Each record below must be written out again in exactly the same form.
Input START
(* Let $\mathcal{G}=(G,\lambda)$ be a simple temporal clique, $G=(V,E)$, and let $\mathcal{T}^-=(V,E^-_T)$ be obtained by the forward construction. Then the forward fireworks cover $S^-_T=\{\{u,v\}\in E:(u,v)\in E^-_T\}\cup\{\{u,v\}\in E: u \text{ is an emitter}\}$ is a temporal spanner of $\mathcal{G}$.
   Context: A simple temporal clique is a pair $\mathcal{G}=(G,\lambda)$ where $G=(V,E)$ is the complete graph on a finite vertex set $V$ and $\lambda:E\to\mathbb{N}$ assigns to each edge a single integer label such that any two distinct edges sharing an endpoint have different labels; the label of an arc $(x,y)$ is $\lambda(\{x,y\})$. A journey from $x$ to $y$ is a sequence of vertices $x=u_0,\dots,u_k=y$ ($k\ge1$) with $\lambda(\{u_{i-1},u_i\})<\lambda(\{u_i,u_{i+1}\})$ for $1\le i<k$. A set $E'\subseteq E$ is a temporal spanner of $\mathcal{G}$ if for every ordered pair of distinct vertices $x,y$ there is a journey from $x$ to $y$ using only edges of $E'$. For a vertex $v$, $e^-(v)$ is the edge incident to $v$ with smallest label. Forward construction: let $E^-$ be the set of arcs $(u,v)$ with $\{u,v\}=e^-(v)$, except that if $e^-(u)=e^-(v)=\{u,v\}$ only one of the two arcs $(u,v),(v,u)$ is included (arbitrarily). Initialize $E^-_T:=E^-$. For every vertex $v$ of out-degree at least $2$ in $(V,E^-)$, let $(v,u_1),\dots,(v,u_\ell)$ be its out-arcs in $E^-$, where $(v,u_\ell)$ has the largest label; for each $i<\ell$, if $u_i$ has out-degree $0$ in $(V,E^-)$, replace $(v,u_i)$ by $(u_i,v)$ in $E^-_T$, and otherwise remove $(v,u_i)$ from $E^-_T$. Set $\mathcal{T}^-=(V,E^-_T)$. An emitter is a vertex of out-degree $0$ in $\mathcal{T}^-$. *)

theory Defs
  imports Main
begin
Input END
**Response area**
(* Let $\mathcal{G}=(G,\lambda)$ be a simple temporal clique, $G=(V,E)$, and let $\mathcal{T}^-=(V,E^-_T)$ be obtained by the forward construction. Then the forward fireworks cover $S^-_T=\{\{u,v\}\in E:(u,v)\in E^-_T\}\cup\{\{u,v\}\in E: u \text{ is an emitter}\}$ is a temporal spanner of $\mathcal{G}$.
   Context: A simple temporal clique is a pair $\mathcal{G}=(G,\lambda)$ where $G=(V,E)$ is the complete graph on a finite vertex set $V$ and $\lambda:E\to\mathbb{N}$ assigns to each edge a single integer label such that any two distinct edges sharing an endpoint have different labels; the label of an arc $(x,y)$ is $\lambda(\{x,y\})$. A journey from $x$ to $y$ is a sequence of vertices $x=u_0,\dots,u_k=y$ ($k\ge1$) with $\lambda(\{u_{i-1},u_i\})<\lambda(\{u_i,u_{i+1}\})$ for $1\le i<k$. A set $E'\subseteq E$ is a temporal spanner of $\mathcal{G}$ if for every ordered pair of distinct vertices $x,y$ there is a journey from $x$ to $y$ using only edges of $E'$. For a vertex $v$, $e^-(v)$ is the edge incident to $v$ with smallest label. Forward construction: let $E^-$ be the set of arcs $(u,v)$ with $\{u,v\}=e^-(v)$, except that if $e^-(u)=e^-(v)=\{u,v\}$ only one of the two arcs $(u,v),(v,u)$ is included (arbitrarily). Initialize $E^-_T:=E^-$. For every vertex $v$ of out-degree at least $2$ in $(V,E^-)$, let $(v,u_1),\dots,(v,u_\ell)$ be its out-arcs in $E^-$, where $(v,u_\ell)$ has the largest label; for each $i<\ell$, if $u_i$ has out-degree $0$ in $(V,E^-)$, replace $(v,u_i)$ by $(u_i,v)$ in $E^-_T$, and otherwise remove $(v,u_i)$ from $E^-_T$. Set $\mathcal{T}^-=(V,E^-_T)$. An emitter is a vertex of out-degree $0$ in $\mathcal{T}^-$. *)

theory Defs
  imports Main
begin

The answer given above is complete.